What does a dragon need gold for? They live in caves for free and eat cattle they don’t buy. A dragon needs its treasure hoard as much as a corpse needs its life savings, and yet…
… some big shots are hoping to cryogenically freeze themselves to not only achieve immortality, but wake up wealthy, per a fascinating report from Mother Jones.
What exactly happens when you’re frozen?
At the Alcor Life Extension Foundation in Scottsdale, Arizona, there are 225 frozen people (plus some pets). The process is a little Han Solo, a little Cronenberg body horror:
- Blood is swapped for a chemical that preserves organs.
- The corpse is injected with what’s essentially antifreeze.
- The body is cooled to -321 degrees Fahrenheit and stored in a tank — called a “Dewar” — full of liquid nitrogen, where it’ll remain until science finds a way to revive it.
This costs $200k+ for the whole body or $80k for just the brain — so, needless to say, they were probably rich in life…
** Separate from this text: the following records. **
(* Let $(S,d)$ be a metric space and $\bullet\in\{\mathrm{FM},\mathrm{BL}\}$. If $f\in B^S_\bullet$ satisfies $|f|=\mathbf{1}$, then $f\in\operatorname{ext}(B^S_\bullet)$. In particular, if $\bullet=\mathrm{BL}$, then $f=\pm\mathbf{1}$.
   Context: $\mathrm{BL}(S)$ is the space of bounded real-valued Lipschitz functions on $S$, $|f|_L=\sup_{x\neq y}|f(x)-f(y)|/d(x,y)$, $\|f\|_{\mathrm{BL}}=\|f\|_\infty+|f|_L$, $\|f\|_{\mathrm{FM}}=\max(\|f\|_\infty,|f|_L)$, $B^S_\bullet=\{f\in\mathrm{BL}(S):\|f\|_\bullet\le1\}$, $\operatorname{ext}$ denotes the set of extreme points, and $\mathbf{1}$ is the constant function $1$. *)

theory Defs
  imports "HOL-Analysis.Analysis"
begin

definition BL_space :: "('a::metric_space \<Rightarrow> real) set" where
  "BL_space = {f. bounded (range f) \<and> (\<exists>C. C-lipschitz_on UNIV f)}"

definition sup_norm :: "('a::metric_space \<Rightarrow> real) \<Rightarrow> real" where
  "sup_norm f = (SUP x. \<bar>f x\<bar>)"

text \<open>Lipschitz seminorm; the 0 covers the degenerate one-point space.\<close>
definition lip_norm :: "('a::metric_space \<Rightarrow> real) \<Rightarrow> real" where
  "lip_norm f = Sup (insert 0 {\<bar>f x - f y\<bar> / dist x y | x y. x \<noteq> y})"

definition BL_norm :: "('a::metric_space \<Rightarrow> real) \<Rightarrow> real" where
  "BL_norm f = sup_norm f + lip_norm f"

definition FM_norm :: "('a::metric_space \<Rightarrow> real) \<Rightarrow> real" where
  "FM_norm f = max (sup_norm f) (lip_norm f)"

datatype norm_kind = FM | BL

fun the_norm :: "norm_kind \<Rightarrow> ('a::metric_space \<Rightarrow> real) \<Rightarrow> real" where
  "the_norm FM f = FM_norm f"
| "the_norm BL f = BL_norm f"

definition unit_ball :: "norm_kind \<Rightarrow> ('a::metric_space \<Rightarrow> real) set" where
  "unit_ball k = {f \<in> BL_space. the_norm k f \<le> 1}"

definition ext :: "('a \<Rightarrow> real) set \<Rightarrow> ('a \<Rightarrow> real) set" where
  "ext K = {f \<in> K. \<forall>g\<in>K. \<forall>h\<in>K. \<forall>t::real. 0 < t \<and> t < 1 \<and>
              f = (\<lambda>x. t * g x + (1 - t) * h x) \<longrightarrow> g = h}"

end

theory Submission
  imports Defs
begin

text \<open>Both norms dominate the sup norm, so every g in the unit ball satisfies
  \<open>\<bar>g\<bar> \<le> 1\<close> pointwise; since \<open>\<plusminus>1\<close> are extreme points of \<open>[-1, 1]\<close>, a convex
  combination of two such functions can equal f at a point only if both agree
  with f there. For the BL norm, \<open>\<parallel>f\<parallel>\<^sub>\<infinity> = 1\<close> forces \<open>|f|\<^sub>L = 0\<close>, so f is constant.\<close>

lemma convex_comb_eq_1_imp_eq_1:
  fixes b c t :: real
  assumes "b \<le> 1" "c \<le> 1" "0 < t" "t < 1" "t * b + (1 - t) * c = 1"
  shows "b = 1" "c = 1"
proof -
  have "t * (1 - b) + (1 - t) * (1 - c) = 0"
    using assms(5) by (simp add: algebra_simps)
  moreover have "t * (1 - b) \<ge> 0" "(1 - t) * (1 - c) \<ge> 0"
    using assms(1-4) by simp_all
  ultimately have "t * (1 - b) = 0" "(1 - t) * (1 - c) = 0"
    by linarith+
  then show "b = 1" "c = 1"
    using assms(3,4) by simp_all
qed

lemma convex_comb_abs_eq_1_imp_eq:
  fixes b c t :: real
  assumes "\<bar>b\<bar> \<le> 1" "\<bar>c\<bar> \<le> 1" "0 < t" "t < 1" "\<bar>t * b + (1 - t) * c\<bar> = 1"
  shows "b = c"
proof (cases "t * b + (1 - t) * c = 1")
  case True
  then show ?thesis
    using convex_comb_eq_1_imp_eq_1[of b c t] assms(1-4) by (simp add: abs_le_iff)
next
  case False
  then have "t * (- b) + (1 - t) * (- c) = 1"
    using assms(5) by (simp add: abs_if split: if_splits)
  then show ?thesis
    using convex_comb_eq_1_imp_eq_1[of "- b" "- c" t] assms(1-4) by (simp add: abs_le_iff)
qed

lemma ext_if_abs_eq_1:
  fixes K :: "('a \<Rightarrow> real) set"
  assumes "\<And>g x. g \<in> K \<Longrightarrow> \<bar>g x\<bar> \<le> 1"
    and "f \<in> K" "\<forall>x. \<bar>f x\<bar> = 1"
  shows "f \<in> ext K"
  unfolding ext_def
proof (intro CollectI conjI ballI allI impI \<open>f \<in> K\<close>)
  fix g h t
  assume "g \<in> K" "h \<in> K" and t: "0 < t \<and> t < 1 \<and> f = (\<lambda>x. t * g x + (1 - t) * h x)"
  show "g = h"
  proof
    fix x
    have "\<bar>t * g x + (1 - t) * h x\<bar> = 1"
      using t assms(3) by metis
    then show "g x = h x"
      using convex_comb_abs_eq_1_imp_eq assms(1) \<open>g \<in> K\<close> \<open>h \<in> K\<close> t by blast
  qed
qed

lemma abs_le_sup_norm:
  assumes "f \<in> BL_space"
  shows "\<bar>f x\<bar> \<le> sup_norm f"
proof -
  from assms obtain a where "\<forall>y\<in>range f. norm y \<le> a"
    unfolding BL_space_def bounded_iff by auto
  then have "bdd_above (range (\<lambda>x. \<bar>f x\<bar>))"
    by (auto intro!: bdd_aboveI2[where M = a])
  then show ?thesis
    unfolding sup_norm_def by (rule cSUP_upper[OF UNIV_I])
qed

lemma bdd_above_difference_quotients:
  assumes "f \<in> BL_space"
  shows "bdd_above (insert 0 {\<bar>f x - f y\<bar> / dist x y | x y. x \<noteq> y})"
proof -
  from assms obtain C where C: "C-lipschitz_on UNIV f"
    unfolding BL_space_def by auto
  have "\<bar>f x - f y\<bar> / dist x y \<le> C" if "x \<noteq> y" for x y
  proof -
    have "dist (f x) (f y) \<le> C * dist x y"
      using lipschitz_onD[OF C] by simp
    moreover have "dist x y > 0"
      using that by simp
    ultimately show ?thesis
      by (simp add: dist_real_def pos_divide_le_eq)
  qed
  then show ?thesis
    by (intro bdd_aboveI[where M = "max 0 C"]) fastforce
qed

lemma lip_norm_nonneg:
  assumes "f \<in> BL_space"
  shows "0 \<le> lip_norm f"
  unfolding lip_norm_def
  by (rule cSup_upper[OF _ bdd_above_difference_quotients[OF assms]]) simp

lemma difference_quotient_le_lip_norm:
  assumes "f \<in> BL_space" "x \<noteq> y"
  shows "\<bar>f x - f y\<bar> / dist x y \<le> lip_norm f"
  unfolding lip_norm_def
  by (rule cSup_upper[OF _ bdd_above_difference_quotients[OF assms(1)]]) (use assms(2) in auto)

lemma constant_if_lip_norm_le_0:
  assumes "f \<in> BL_space" "lip_norm f \<le> 0"
  shows "f x = f y"
proof (cases "x = y")
  case False
  then have "\<bar>f x - f y\<bar> / dist x y \<le> 0"
    using difference_quotient_le_lip_norm[OF assms(1)] assms(2) by fastforce
  then show ?thesis
    using False by (simp add: divide_le_0_iff)
qed simp

lemma sup_norm_le_the_norm:
  assumes "f \<in> BL_space"
  shows "sup_norm f \<le> the_norm k f"
  using lip_norm_nonneg[OF assms] by (cases k) (auto simp: FM_norm_def BL_norm_def)

lemma abs_le_1_if_in_unit_ball:
  assumes "g \<in> unit_ball k"
  shows "\<bar>g x\<bar> \<le> 1"
proof -
  have "g \<in> BL_space" "the_norm k g \<le> 1"
    using assms unfolding unit_ball_def by auto
  then show ?thesis
    using abs_le_sup_norm sup_norm_le_the_norm by (meson order_trans)
qed

theorem lemma3p1:
  fixes k :: norm_kind and f :: "'a::metric_space \<Rightarrow> real"
  assumes "f \<in> unit_ball k"
    and "\<forall>x. \<bar>f x\<bar> = 1"
  shows "f \<in> ext (unit_ball k) \<and> (k = BL \<longrightarrow> f = (\<lambda>_. 1) \<or> f = (\<lambda>_. -1))"
proof
  show "f \<in> ext (unit_ball k)"
    using ext_if_abs_eq_1 abs_le_1_if_in_unit_ball assms by metis
  show "k = BL \<longrightarrow> f = (\<lambda>_. 1) \<or> f = (\<lambda>_. -1)"
  proof
    assume "k = BL"
    then have f: "f \<in> BL_space" "BL_norm f \<le> 1"
      using assms(1) unfolding unit_ball_def by auto
    have "sup_norm f = 1"
      unfolding sup_norm_def using assms(2) by simp
    then have "lip_norm f \<le> 0"
      using f(2) by (simp add: BL_norm_def)
    then have "f = (\<lambda>_. f undefined)"
      using constant_if_lip_norm_le_0[OF f(1)] by blast
    moreover have "f undefined = 1 \<or> f undefined = -1"
      using assms(2) by (metis abs_if minus_minus)
    ultimately show "f = (\<lambda>_. 1) \<or> f = (\<lambda>_. -1)"
      by metis
  qed
qed

end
… and probably want to be rich again
In the US, people must name a beneficiary and most states cap trusts at 90 years. For people who die normally, that’s not a problem. For people who expect to be revived in a century or two, it’s a concern. So:
- Some lobbyists are trying to extend how long a trust can last.
- Attorney Mark House told Mother Jones that he’s created ~100 “cryonic suspension trusts” since working on the estate of a frozen client a decade ago.
- One expert said they’d seen cryonics trusts that consider the rights of a bionic person containing a digital copy of someone’s mind — a la sci-fi series Altered Carbon.
Does it even matter, though?
In 1967, James Bedford, a 73-year-old man with terminal cancer, became the first person to be cryogenically frozen. He’s still frozen, currently at Alcor.
In fact, no one who’s been frozen has been successfully revived; scientists don’t know how, and many think they never will.
So all that money? It might be totally worthless, in pursuit of a fantasy about as real as a dragon.